Volatility Drove RH Stock Throughout Its History
The company, which competes with the likes of Williams-Sonoma, Inc. (NYSE:WSM) and Bed Bath & Beyond, Inc. (NASDAQ:BBBY), has seen numerous ups and downs. Its previous stint as a publicly traded company ended soon after a substantial investment by Sears Holdings Corp (NASDAQ:SHLD) prompted rumors of a full takeover. Trading ended when the private equity firm now known as L Catterton took it private in 2008.
Since RH stock returned to public trading in 2012, it continued seeing significant amounts of volatility.
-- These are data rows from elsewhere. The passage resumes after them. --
lemma dirichlet_infinite_good_approx:
  assumes "\<alpha> \<notin> ratfunT"
  shows "infinite (good_approx \<alpha> 1)"
proof (rule infinite_if_subdegree_unbounded)
  fix M :: int
  define N where "N = nat M"
  obtain q where q: "q \<noteq> 0" "degree q \<le> N"
    and small: "\<And>j. 0 < j \<Longrightarrow> j \<le> int N \<Longrightarrow> fls_nth (polyT q * \<alpha>) j = 0"
    using dirichlet_denominator_exists[of N \<alpha>] by blast
  obtain p where p: "\<And>j. j \<le> 0 \<Longrightarrow> fls_nth (polyT q * \<alpha> - polyT p) j = 0"
    using exists_polyT_polynomial_part by blast
  define R where "R = polyT q * \<alpha> - polyT p"
  \<comment> \<open>the fractional part of q \<alpha>, which starts at T^-(N+1) by the choice of q\<close>
  have diff: "\<alpha> - polyT p / polyT q = R / polyT q"
    using q(1) by (simp add: R_def field_simps)
  have "R \<noteq> 0"
    using assms q(1) ratfunT_divide[of q p] diff by auto
  then have ne: "\<alpha> \<noteq> polyT p / polyT q"
    using q(1) diff by auto
  have "fls_nth R j = 0" if "j < int N + 1" for j
    using p small that unfolding R_def by (cases "j \<le> 0") (auto simp: fls_nth_polyT)
  with \<open>R \<noteq> 0\<close> have "int N + 1 \<le> fls_subdegree R"
    by (intro fls_subdegree_geI)
  moreover have "fls_subdegree (\<alpha> - polyT p / polyT q) = fls_subdegree R + int (degree q)"
    using \<open>R \<noteq> 0\<close> q(1) by (simp add: diff fls_divide_subdegree fls_subdegree_polyT)
  ultimately have bound: "int N + 1 + int (degree q) \<le> fls_subdegree (\<alpha> - polyT p / polyT q)"
    by simp
  with q ne have "polyT p / polyT q \<in> good_approx \<alpha> 1"
    by (intro good_approxI) auto
  moreover from bound have "M \<le> fls_subdegree (\<alpha> - polyT p / polyT q)"
    unfolding N_def by linarith
  ultimately show "\<exists>r\<in>good_approx \<alpha> 1. \<alpha> \<noteq> r \<and> M \<le> fls_subdegree (\<alpha> - r)"
    using ne by blast
qed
The stock price rose above the $100 per share level in 2015 before falling back below its original initial public offering price.
Restoration Hardware stock traded below $25 per share as late as early 2017. Since then, however, it has seen a large move higher, culminating with the massive move higher following earnings.
Buybacks Prompted Much of the Recent Surge in RH stock
Unfortunately for new investors, most of that surge has come from one of the largest and most controversial share buybacks in history. In 2017, the company bought back an astounding 49.6% of RH stock in 98 trading days.
With little cash on the balance sheet, the company financed this primarily by nearly doubling its long-term debt. This debt rose from $576 million in its second quarter to $1.055 billion in the third quarter, a $479 million increase.
This took the stockholders’ equity from $623 million to -$47 million in the same period. Although stockholders’ equity is gradually moving toward positive territory, I find it difficult to trust stock gains that come from unbalancing the balance sheet.
Also, for that reason, the chance to buy into RH stock at a low valuation appears to have passed. However, RH stock bulls have an ally in the equity’s history. Today’s price surge takes the forward price-earnings (P/E) ratio to about 23.
The good news is if historical trends hold up, the stock could have further to move. Since 2012, RH has spent much of its history supporting P/E ratio between about 33 and 53. Even if the stock is attempting to regain its 33 P/E ratio, it could see another 30% move higher.
The massive guidance increase could also bode well for future estimates. Analysts had previously estimated that profit growth would slow into the mid-single-digits after fiscal 2020. However, the latest guidance has increased earnings to levels not expected until 2020. How today’s increased guidance affects earnings beyond 2020 remains to be seen.
The Bottom Line on RH Stock
Considering the moves by management over the past year, RH stock has likely seen most of the gains it will realize for the foreseeable future. To be sure, the increased guidance bodes well for the short-term future of RH stock, which saw a massive increase following the earnings announcement.
The move to take on massive debt levels to buy back stock, however, should give prospective investors pause.
Such a buyback indicates most of the near-term gains have likely already occurred. Also, with the willingness of management to take such an unnecessary gamble to juice the stock price, investors should never view RH stock as low-risk.
Risk-tolerant investors could buy Restoration Hardware’s stock today and enjoy some gains … for now. That said, I think investors can enjoy comparable gains without taking on the level of risk involved with RH stock.